[What you have to do]:
Each line from the one containing "(simp add: euclidean_representation)" through the final line of the data below must be repeated exactly.
─── Data under study ───
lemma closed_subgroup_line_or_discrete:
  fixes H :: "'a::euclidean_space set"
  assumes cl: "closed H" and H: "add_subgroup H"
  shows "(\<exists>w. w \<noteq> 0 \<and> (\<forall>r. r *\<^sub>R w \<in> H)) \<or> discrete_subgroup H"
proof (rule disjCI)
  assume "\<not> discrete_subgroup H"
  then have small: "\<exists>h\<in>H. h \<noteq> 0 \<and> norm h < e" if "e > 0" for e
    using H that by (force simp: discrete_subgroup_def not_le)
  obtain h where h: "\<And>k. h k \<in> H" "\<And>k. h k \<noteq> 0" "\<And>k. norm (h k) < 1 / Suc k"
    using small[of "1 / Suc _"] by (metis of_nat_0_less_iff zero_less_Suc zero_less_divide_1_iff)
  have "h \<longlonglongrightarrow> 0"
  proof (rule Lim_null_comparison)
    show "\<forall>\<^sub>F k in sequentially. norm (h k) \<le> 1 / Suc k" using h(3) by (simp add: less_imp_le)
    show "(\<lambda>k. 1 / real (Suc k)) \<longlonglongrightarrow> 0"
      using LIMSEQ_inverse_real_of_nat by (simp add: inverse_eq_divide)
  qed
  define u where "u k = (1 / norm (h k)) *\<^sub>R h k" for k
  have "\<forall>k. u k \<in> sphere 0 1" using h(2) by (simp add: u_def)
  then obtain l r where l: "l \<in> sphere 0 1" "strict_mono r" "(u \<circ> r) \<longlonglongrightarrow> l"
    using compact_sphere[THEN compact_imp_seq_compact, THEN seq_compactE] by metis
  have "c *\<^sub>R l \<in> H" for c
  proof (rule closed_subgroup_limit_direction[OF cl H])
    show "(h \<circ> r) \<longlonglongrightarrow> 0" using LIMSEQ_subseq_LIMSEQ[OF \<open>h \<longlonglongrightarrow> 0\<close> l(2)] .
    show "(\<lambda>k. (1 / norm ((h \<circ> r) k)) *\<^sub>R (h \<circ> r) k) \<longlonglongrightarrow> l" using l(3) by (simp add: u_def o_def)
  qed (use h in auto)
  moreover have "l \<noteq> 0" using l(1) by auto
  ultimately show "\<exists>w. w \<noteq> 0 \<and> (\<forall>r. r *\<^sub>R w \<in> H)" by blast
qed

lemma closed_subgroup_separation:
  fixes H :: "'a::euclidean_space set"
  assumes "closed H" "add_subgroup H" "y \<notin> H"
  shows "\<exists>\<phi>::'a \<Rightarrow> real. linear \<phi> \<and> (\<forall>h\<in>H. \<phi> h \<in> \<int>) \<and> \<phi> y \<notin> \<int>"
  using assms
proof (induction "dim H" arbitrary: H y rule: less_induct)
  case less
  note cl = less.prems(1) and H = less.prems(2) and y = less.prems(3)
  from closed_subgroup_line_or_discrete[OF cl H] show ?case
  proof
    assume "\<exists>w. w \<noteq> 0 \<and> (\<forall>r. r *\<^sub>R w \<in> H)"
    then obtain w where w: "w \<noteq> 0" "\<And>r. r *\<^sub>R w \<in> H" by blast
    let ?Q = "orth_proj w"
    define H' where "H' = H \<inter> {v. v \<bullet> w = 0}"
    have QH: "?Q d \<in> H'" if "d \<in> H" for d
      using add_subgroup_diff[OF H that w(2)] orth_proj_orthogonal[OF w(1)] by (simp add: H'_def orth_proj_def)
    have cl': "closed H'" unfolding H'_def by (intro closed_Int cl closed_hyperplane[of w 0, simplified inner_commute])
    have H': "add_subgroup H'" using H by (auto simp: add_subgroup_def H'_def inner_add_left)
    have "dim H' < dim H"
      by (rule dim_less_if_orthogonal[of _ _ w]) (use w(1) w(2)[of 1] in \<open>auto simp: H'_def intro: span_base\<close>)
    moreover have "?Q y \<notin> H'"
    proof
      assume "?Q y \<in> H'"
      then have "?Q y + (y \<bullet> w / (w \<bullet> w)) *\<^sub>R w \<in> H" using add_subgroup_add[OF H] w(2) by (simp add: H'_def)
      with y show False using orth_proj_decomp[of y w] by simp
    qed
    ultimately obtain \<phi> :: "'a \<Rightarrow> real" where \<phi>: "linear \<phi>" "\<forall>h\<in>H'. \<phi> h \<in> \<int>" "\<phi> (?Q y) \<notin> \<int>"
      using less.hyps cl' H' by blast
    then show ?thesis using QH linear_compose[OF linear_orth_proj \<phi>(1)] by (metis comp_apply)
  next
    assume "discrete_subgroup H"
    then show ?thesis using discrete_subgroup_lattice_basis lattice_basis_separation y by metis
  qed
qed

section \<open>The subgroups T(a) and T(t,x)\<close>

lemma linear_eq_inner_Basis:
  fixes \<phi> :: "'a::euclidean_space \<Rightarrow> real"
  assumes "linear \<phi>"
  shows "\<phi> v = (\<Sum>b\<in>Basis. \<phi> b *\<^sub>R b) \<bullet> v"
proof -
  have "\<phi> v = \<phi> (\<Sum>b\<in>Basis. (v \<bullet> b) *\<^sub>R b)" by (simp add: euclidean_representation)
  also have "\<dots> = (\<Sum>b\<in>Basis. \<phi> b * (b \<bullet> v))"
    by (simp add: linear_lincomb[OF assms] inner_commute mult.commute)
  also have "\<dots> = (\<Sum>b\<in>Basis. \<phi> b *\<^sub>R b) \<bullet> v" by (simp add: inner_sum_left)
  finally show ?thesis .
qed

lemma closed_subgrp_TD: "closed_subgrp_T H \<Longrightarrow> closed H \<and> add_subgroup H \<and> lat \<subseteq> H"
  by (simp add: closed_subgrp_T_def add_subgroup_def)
───
[Task result]:
  have "\<phi> v = \<phi> (\<Sum>b\<in>Basis. (v \<bullet> b) *\<^sub>R b)" by (simp add: euclidean_representation)
  also have "\<dots> = (\<Sum>b\<in>Basis. \<phi> b * (b \<bullet> v))"
    by (simp add: linear_lincomb[OF assms] inner_commute mult.commute)
  also have "\<dots> = (\<Sum>b\<in>Basis. \<phi> b *\<^sub>R b) \<bullet> v" by (simp add: inner_sum_left)
  finally show ?thesis .
qed

lemma closed_subgrp_TD: "closed_subgrp_T H \<Longrightarrow> closed H \<and> add_subgroup H \<and> lat \<subseteq> H"
  by (simp add: closed_subgrp_T_def add_subgroup_def)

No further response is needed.